Matthieu 14, 22-33

« C’est moi, n’ayez pas peur ! »

Origène

Commentaire sur l’évangile de Matthieu, SC 162, p. 297s

          Si un jour, nous sommes aux prises avec des tentations inévitables, souvenons-nous que Jésus nous a obligés à nous embarquer et qu’il veut que nous le précédions sur l’autre rive. Car il est impossible, pour qui n’a pas supporté l’épreuve des vagues et du vent contraire, de parvenir sur ce rivage-là. Aussi, lorsque nous nous verrons entourés par des difficultés multiples et pénibles, fatigués de naviguer au milieu d’elles avec la pauvreté de nos moyens, imaginons que notre barque est alors au milieu de la mer, secouée par les vagues qui voudraient nous voir faire naufrage dans la foi ou en quelque autre vertu. Et si nous voyons le souffle du mauvais s’acharner contre nous, songeons qu’alors le vent nous est contraire.

            Quand donc, au milieu de ces difficultés, nous aurons tenu bon durant les longues heures de la nuit obscure qui règne dans les moments de tentation, quand nous aurons lutté de notre mieux en prenant garde afin d’éviter le naufrage de la foi, soyons sûrs que quand la nuit sera avancée et qu’approchera le jour, le Fils de Dieu viendra près de nous, marchant sur les flots pour nous rendre la mer bienveillante.

            Lorsque nous verrons le Verbe apparaître, nous serons saisis d’effroi jusqu’au moment où nous comprendrons clairement que c’est le Sauveur qui vient à nous. Croyant encore voir un fantôme, remplis de crainte, nous crierons, mais lui nous dira : Ayez confiance, c’est moi, n’ayez pas peur !
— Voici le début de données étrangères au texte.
lemma curr_emb_add:
  fixes x y :: "'v::monoid_add"
  shows "curr_emb (x + y) = (\<lambda>i. curr_emb x i + curr_emb y i)"
  unfolding curr_emb_def by auto

context lie_super
begin

lemma curr_emb_scale: "curr_emb (scale c x) = curr_scale scale c (curr_emb x)"
  unfolding curr_emb_def curr_scale_def by auto

lemma curr_nprod_0: "curr_nprod scale br 0 f g m = br (f 0) (g m)"
  unfolding curr_nprod_def by simp

lemma curr_nprod_1:
  "curr_nprod scale br 1 f g m =
     scale (of_nat (Suc m)) (br (f 0) (g (Suc m))) - br (f 1) (g m)"
  unfolding curr_nprod_def by (simp add: atMost_Suc scale_minus_left)

lemma curr_nprod_emb:
  "curr_nprod scale br n (curr_emb v) (curr_emb w) =
     (if n = 0 then curr_emb (br v w) else (\<lambda>_. 0))"
proof
  fix m
  define T where "T p = scale ((-1) ^ p * of_nat (fact n * ((m + n - p) choose (n - p))))
                   (br (curr_emb v p) (curr_emb w (m + n - p)))" for p
  have "curr_nprod scale br n (curr_emb v) (curr_emb w) m = sum T {..n}"
    unfolding curr_nprod_def T_def by simp
  also have "\<dots> = T 0 + sum T ({..n} - {0})" by (rule sum.remove) auto
  also have "sum T ({..n} - {0}) = 0" by (rule sum.neutral) (auto simp: T_def curr_emb_def)
  also have "T 0 = scale (of_nat (fact n * ((m + n) choose n))) (br v (curr_emb w (m + n)))"
    unfolding T_def by (simp add: curr_emb_def)
  finally show "curr_nprod scale br n (curr_emb v) (curr_emb w) m =
      (if n = 0 then curr_emb (br v w) else (\<lambda>_. 0)) m"
    by (cases "m + n = 0") (auto simp: curr_emb_def)
qed

end

locale curr_aut = lie_super scale br V0 V1
  for scale :: "'k::field_char_0 \<Rightarrow> 'v::ab_group_add \<Rightarrow> 'v" and br V0 V1 +
  fixes \<sigma> :: "(nat \<Rightarrow> 'v) \<Rightarrow> nat \<Rightarrow> 'v"
  assumes aut: "curr_automorphism scale br V0 V1 \<sigma>"
begin

lemma
  shows aut_bij: "bij_betw \<sigma> curr_carrier curr_carrier"
    and aut_add: "f \<in> curr_carrier \<Longrightarrow> g \<in> curr_carrier \<Longrightarrow>
      \<sigma> (\<lambda>i. f i + g i) = (\<lambda>i. \<sigma> f i + \<sigma> g i)"
    and aut_scale: "f \<in> curr_carrier \<Longrightarrow> \<sigma> (curr_scale scale c f) = curr_scale scale c (\<sigma> f)"
    and aut_even: "f \<in> curr_part V0 \<Longrightarrow> \<sigma> f \<in> curr_part V0"
    and aut_odd: "f \<in> curr_part V1 \<Longrightarrow> \<sigma> f \<in> curr_part V1"
    and aut_D: "f \<in> curr_carrier \<Longrightarrow> \<sigma> (curr_D f) = curr_D (\<sigma> f)"
    and aut_nprod: "f \<in> curr_carrier \<Longrightarrow> g \<in> curr_carrier \<Longrightarrow>
      \<sigma> (curr_nprod scale br n f g) = curr_nprod scale br n (\<sigma> f) (\<sigma> g)"
  using aut unfolding curr_automorphism_def by simp_all

lemma aut_zero: "\<sigma> (\<lambda>_. 0) = (\<lambda>_. 0)"
proof -
  have "\<sigma> (\<lambda>_. 0) = \<sigma> (\<lambda>i. (\<lambda>_. 0) i + (\<lambda>_. 0) i)" by simp
  also have "\<dots> = (\<lambda>i. \<sigma> (\<lambda>_. 0) i + \<sigma> (\<lambda>_. 0) i)"
    using aut_add curr_zero_carrier by blast
  finally show ?thesis by (simp add: fun_eq_iff)
qed

lemma coeff_even_linear: "even_linear (\<lambda>v. \<sigma> (curr_emb v) i)"
proof -
  have parity: "\<sigma> (curr_emb x) i \<in> U"
    if "x \<in> U" "subspace U" "\<And>f. f \<in> curr_part U \<Longrightarrow> \<sigma> f \<in> curr_part U" for x U
  proof -
    have "curr_emb x \<in> curr_part U"
      using that curr_emb_carrier subspace_0 unfolding curr_part_def curr_emb_def by auto
    then show ?thesis using that(3) unfolding curr_part_def by blast
  qed
  show ?thesis
    unfolding even_linear_def
    using aut_add[OF curr_emb_carrier curr_emb_carrier] aut_scale[OF curr_emb_carrier]
      parity[OF _ even_subspace aut_even] parity[OF _ odd_subspace aut_odd]
    by (auto simp: curr_emb_add curr_emb_scale curr_scale_def)
qed

lemma coeff_finite: "finite {i. \<sigma> (curr_emb x) i \<noteq> 0}"
  using bij_betwE[OF aut_bij] curr_emb_carrier unfolding curr_carrier_def by blast

text \<open>Surjectivity of the 0-th coefficient: if \<open>\<sigma> h = 1 \<otimes> u\<close>, write \<open>h = 1 \<otimes> h\<^sub>0 + \<partial> g\<close>;
  as \<open>\<sigma>\<close> commutes with \<open>\<partial>\<close>, the constant coefficient of \<open>\<sigma> (1 \<otimes> h\<^sub>0)\<close> is \<open>u\<close>.\<close>

lemma coeff0_surj: "surj (\<lambda>v. \<sigma> (curr_emb v) 0)"
proof -
  have "u \<in> range (\<lambda>v. \<sigma> (curr_emb v) 0)" for u
  proof -
    obtain h where h: "h \<in> curr_carrier" "\<sigma> h = curr_emb u"
      using bij_betw_imp_surj_on[OF aut_bij] curr_emb_carrier by (metis imageE)
    have shift: "(\<lambda>i. h (Suc i)) \<in> curr_carrier" using h(1) by (rule curr_shift_carrier)
    have "\<sigma> h = (\<lambda>i. \<sigma> (curr_emb (h 0)) i + \<sigma> (curr_D (\<lambda>i. h (Suc i))) i)"
      using curr_split[of h] aut_add[OF curr_emb_carrier curr_D_carrier[OF shift]] by metis
    then have "\<sigma> h 0 = \<sigma> (curr_emb (h 0)) 0"
      using aut_D[OF shift] by (simp add: curr_D_def)
    with h(2) have "\<sigma> (curr_emb (h 0)) 0 = u" by (simp add: curr_emb_def)
    then show ?thesis by (metis rangeI)
  qed
  then show ?thesis by blast
qed
(* In the standing setting below, let $X_i=(x_i,u_i)\in\mathbb{X}\times\mathbb{R}$ for $i=0,1$, and suppose $F_{X_0X_1}(x_i)=u_i$ for $i=0,1$. Then there exist $y\in\mathbb{Y}$ and $h\in\mathbb{R}$ such that $-c(x_i,y)+h=u_i$ for $i=0,1$.
   Context: Standing setting: $\mathbb{X},\mathbb{Y}\subset\mathbb{R}^n$ are compact with non-empty interior; $c:\mathbb{X}\times\mathbb{Y}\to\mathbb{R}$ has continuous $D_xc$, $D_yc$, and continuous mixed second derivatives with $D^2_{xy}c=(D^2_{yx}c)^T$; for each $x$ the map $y\mapsto -D_xc(x,y)$ is injective on $\mathbb{Y}$ and for each $y$ the map $x\mapsto -D_yc(x,y)$ is injective on $\mathbb{X}$; $D^2_{xy}c(x,y)$ is invertible everywhere; for every $y$ the set $\{-D_yc(x,y):x\in\mathbb{X}\}$ is convex and for every $x$ the set $\{-D_xc(x,y):y\in\mathbb{Y}\}$ is convex. $c$-chord: for $X_i=(x_i,u_i)\in\mathbb{X}\times\mathbb{R}$, $F_{X_0X_1}(x)=\sup\{-c(x,y)+h: y\in\mathbb{Y},h\in\mathbb{R},-c(x_i,y)+h\le u_i, i=0,1\}$. *)

theory Defs
  imports "HOL-Analysis.Analysis"
begin

text \<open>The cost is a curried function
  \<open>c x y\<close>. \<open>Dxc x y\<close> and \<open>Dyc x y\<close> are the gradients of c in x and y;
  \<open>Dxyc x y\<close> is the matrix D^2_{xy}c with entries d^2 c/(dx_i dy_j), i.e. the
  derivative of \<open>y \<mapsto> Dxc x y\<close>; \<open>Dyxc x y\<close> is the derivative of \<open>x \<mapsto> Dyc x y\<close>.\<close>

definition standing_setting ::
  "(real^'n) set \<Rightarrow> (real^'n) set \<Rightarrow> (real^'n \<Rightarrow> real^'n \<Rightarrow> real)
   \<Rightarrow> (real^'n \<Rightarrow> real^'n \<Rightarrow> real^'n) \<Rightarrow> (real^'n \<Rightarrow> real^'n \<Rightarrow> real^'n)
   \<Rightarrow> (real^'n \<Rightarrow> real^'n \<Rightarrow> real^'n^'n) \<Rightarrow> (real^'n \<Rightarrow> real^'n \<Rightarrow> real^'n^'n) \<Rightarrow> bool"
where
  "standing_setting X Y c Dxc Dyc Dxyc Dyxc \<longleftrightarrow>
     compact X \<and> compact Y \<and> interior X \<noteq> {} \<and> interior Y \<noteq> {}
   \<and> (\<forall>x\<in>X. \<forall>y\<in>Y. ((\<lambda>x'. c x' y) has_derivative (\<lambda>v. Dxc x y \<bullet> v)) (at x within X))
   \<and> (\<forall>x\<in>X. \<forall>y\<in>Y. ((\<lambda>y'. c x y') has_derivative (\<lambda>v. Dyc x y \<bullet> v)) (at y within Y))
   \<and> continuous_on (X \<times> Y) (\<lambda>(x,y). Dxc x y)
   \<and> continuous_on (X \<times> Y) (\<lambda>(x,y). Dyc x y)
   \<and> (\<forall>x\<in>X. \<forall>y\<in>Y. ((\<lambda>y'. Dxc x y') has_derivative (\<lambda>v. Dxyc x y *v v)) (at y within Y))
   \<and> (\<forall>x\<in>X. \<forall>y\<in>Y. ((\<lambda>x'. Dyc x' y) has_derivative (\<lambda>v. Dyxc x y *v v)) (at x within X))
   \<and> continuous_on (X \<times> Y) (\<lambda>(x,y). Dxyc x y)
   \<and> continuous_on (X \<times> Y) (\<lambda>(x,y). Dyxc x y)
   \<and> (\<forall>x\<in>X. \<forall>y\<in>Y. Dxyc x y = transpose (Dyxc x y))
   \<and> (\<forall>x\<in>X. inj_on (\<lambda>y. - Dxc x y) Y)
   \<and> (\<forall>y\<in>Y. inj_on (\<lambda>x. - Dyc x y) X)
   \<and> (\<forall>x\<in>X. \<forall>y\<in>Y. invertible (Dxyc x y))
   \<and> (\<forall>y\<in>Y. convex ((\<lambda>x. - Dyc x y) ` X))
   \<and> (\<forall>x\<in>X. convex ((\<lambda>y. - Dxc x y) ` Y))"

definition c_chord ::
  "('a \<Rightarrow> 'b \<Rightarrow> real) \<Rightarrow> 'b set \<Rightarrow> 'a \<Rightarrow> real \<Rightarrow> 'a \<Rightarrow> real \<Rightarrow> 'a \<Rightarrow> real"
where
  "c_chord c Y x0 u0 x1 u1 x =
     Sup {- c x y + h | y h. y \<in> Y \<and> - c x0 y + h \<le> u0 \<and> - c x1 y + h \<le> u1}"

end

theory Submission
  imports Defs
begin

(* Put h_i(y) = u_i + c(x_i,y), the largest h allowed by the i-th constraint for a given y.
   Then F(x_0) = sup_y (-c(x_0,y) + min(h_0(y), h_1(y))), so F(x_0) = u_0 forces h_0 <= h_1
   somewhere on the compact set Y, and symmetrically F(x_1) = u_1 forces h_1 <= h_0 somewhere.
   By the twist condition, y |-> -D_x c(x_0,y) is a continuous injection of Y onto a convex set, so Y is
   connected and h_1 - h_0 vanishes at some y by the intermediate value theorem. *)

lemma connected_if_inj_convex_image:
  fixes f :: "'a::topological_space \<Rightarrow> 'b::real_normed_vector"
  assumes "compact S" "continuous_on S f" "inj_on f S" "convex (f ` S)"
  shows "connected S"
  using homeomorphic_connectedness[OF homeomorphic_compact[OF assms(1,2) refl assms(3)]]
    convex_connected[OF assms(4)] by blast

lemma connected_ivt:
  fixes f :: "'a::topological_space \<Rightarrow> 'b::linorder_topology"
  assumes "connected S" "continuous_on S f" "a \<in> S" "b \<in> S" "f a \<le> z" "z \<le> f b"
  shows "\<exists>x\<in>S. f x = z"
  using connectedD_interval[OF connected_continuous_image[OF assms(2,1)], of "f a" "f b" z] assms
  by auto

lemma c_chord_swap: "c_chord c Y x1 u1 x0 u0 = c_chord c Y x0 u0 x1 u1"
  unfolding c_chord_def by (intro ext arg_cong[where f = Sup]) blast

lemma c_chord_le:
  assumes "Y \<noteq> {}"
    and "\<And>y. y \<in> Y \<Longrightarrow> - c x y + min (u0 + c x0 y) (u1 + c x1 y) \<le> b"
  shows "c_chord c Y x0 u0 x1 u1 x \<le> b"
  unfolding c_chord_def
proof (rule cSup_least)
  obtain y where "y \<in> Y" using assms(1) by blast
  then show "{- c x y + h | y h. y \<in> Y \<and> - c x0 y + h \<le> u0 \<and> - c x1 y + h \<le> u1} \<noteq> {}"
    by (intro ex_in_conv[THEN iffD1] exI[of _ "- c x y + min (u0 + c x0 y) (u1 + c x1 y)"]
        CollectI exI[of _ y] exI[of _ "min (u0 + c x0 y) (u1 + c x1 y)"]) auto
next
  fix t assume "t \<in> {- c x y + h | y h. y \<in> Y \<and> - c x0 y + h \<le> u0 \<and> - c x1 y + h \<le> u1}"
  then obtain y h where "t = - c x y + h" "y \<in> Y" "h \<le> min (u0 + c x0 y) (u1 + c x1 y)"
    by auto
  then show "t \<le> b" using assms(2)[of y] by linarith
qed

lemma c_chord_eq_left_imp_le:
  fixes c :: "'a \<Rightarrow> 'b::topological_space \<Rightarrow> real"
  assumes "compact Y" "Y \<noteq> {}" "continuous_on Y (c x0)" "continuous_on Y (c x1)"
    and "c_chord c Y x0 u0 x1 u1 x0 = u0"
  shows "\<exists>y\<in>Y. u0 + c x0 y \<le> u1 + c x1 y"
proof (rule ccontr)
  assume no_le: "\<not> (\<exists>y\<in>Y. u0 + c x0 y \<le> u1 + c x1 y)"
  define g where "g y = (u1 + c x1 y) - (u0 + c x0 y)" for y
  have "continuous_on Y g" unfolding g_def by (intro continuous_intros assms(3,4))
  then obtain ym where ym: "ym \<in> Y" "\<And>y. y \<in> Y \<Longrightarrow> g y \<le> g ym"
    using continuous_attains_sup[OF assms(1,2)] by blast
  have "g ym < 0" using no_le ym(1) unfolding g_def by force
  have "c_chord c Y x0 u0 x1 u1 x0 \<le> u0 + g ym"
  proof (rule c_chord_le[OF assms(2)])
    fix y assume "y \<in> Y"
    then show "- c x0 y + min (u0 + c x0 y) (u1 + c x1 y) \<le> u0 + g ym"
      using ym(2)[of y] unfolding g_def by linarith
  qed
  then show False using assms(5) \<open>g ym < 0\<close> by linarith
qed

theorem lemma3p6:
  fixes X Y :: "(real^'n) set" and c :: "real^'n \<Rightarrow> real^'n \<Rightarrow> real"
    and Dxc Dyc :: "real^'n \<Rightarrow> real^'n \<Rightarrow> real^'n"
    and Dxyc Dyxc :: "real^'n \<Rightarrow> real^'n \<Rightarrow> real^'n^'n"
    and x0 x1 :: "real^'n" and u0 u1 :: real
  assumes "standing_setting X Y c Dxc Dyc Dxyc Dyxc"
    and "x0 \<in> X" and "x1 \<in> X"
    and "c_chord c Y x0 u0 x1 u1 x0 = u0"
    and "c_chord c Y x0 u0 x1 u1 x1 = u1"
  shows "\<exists>y\<in>Y. \<exists>h. - c x0 y + h = u0 \<and> - c x1 y + h = u1"
proof -
  note S = assms(1)[unfolded standing_setting_def]
  have Y: "compact Y" "Y \<noteq> {}" using S by auto
  have cont0: "continuous_on Y (c x0)" and cont1: "continuous_on Y (c x1)"
    using S assms(2,3) by (auto intro!: has_derivative_continuous_on)
  have "continuous_on Y (Dxc x0)"
    using continuous_on_o_Pair[of X Y "\<lambda>(x, y). Dxc x y" x0] S assms(2) by (simp add: o_def)
  then have "connected Y"
    using S assms(2) by (intro connected_if_inj_convex_image[OF Y(1), of "\<lambda>y. - Dxc x0 y"])
      (auto intro: continuous_intros)
  obtain ya where "ya \<in> Y" "u0 + c x0 ya \<le> u1 + c x1 ya"
    using c_chord_eq_left_imp_le[OF Y cont0 cont1 assms(4)] by blast
  moreover obtain yb where "yb \<in> Y" "u1 + c x1 yb \<le> u0 + c x0 yb"
    using c_chord_eq_left_imp_le[OF Y cont1 cont0, of u1 u0] assms(5) c_chord_swap by metis
  moreover have "continuous_on Y (\<lambda>y. u1 + c x1 y - (u0 + c x0 y))"
    by (intro continuous_intros cont0 cont1)
  ultimately have "\<exists>y\<in>Y. u1 + c x1 y - (u0 + c x0 y) = 0"
    by (intro connected_ivt[OF \<open>connected Y\<close>, of _ yb ya]) auto
  then obtain y where "y \<in> Y" "u1 + c x1 y - (u0 + c x0 y) = 0" by blast
  then show ?thesis by (intro bexI[of _ y] exI[of _ "u0 + c x0 y"]) auto
qed

end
            A ces mots rassurants, peut-être trouvera-t-on parmi nous, animé d’une plus grande ardeur, un Pierre, en marche vers la perfection, sans y être encore parvenu, qui descendra de la barque, sachant qu’il a échappé à l’épreuve qui le secouait. Son désir d’aller au-devant de Jésus le fera tout d’abord marcher sur les eaux, mais sa foi étant encore insuffisante, lui-même encore dans le doute, il remarquera la force du vent, il prendra peur et commencera à s’enfoncer dans les eaux. Pourtant, il échappera à ce malheur, car il appellera Jésus à grands cris : Seigneur, sauve-moi ! A peine, cet autre Pierre aura-t-il fini de pousser ce cri que le Verbe étendra sa main, lui portera secours et le saisira au moment où il commencera à couler, lui reprochant son peu de foi et ses doutes.

            Là-dessus, Jésus et Pierre remonteront dans la barque, le vent se clamera, et les passagers, comprenant à quels dangers ils ont échappé, adoreront Jésus, disant : Vraiment, tu es le Fils de Dieu.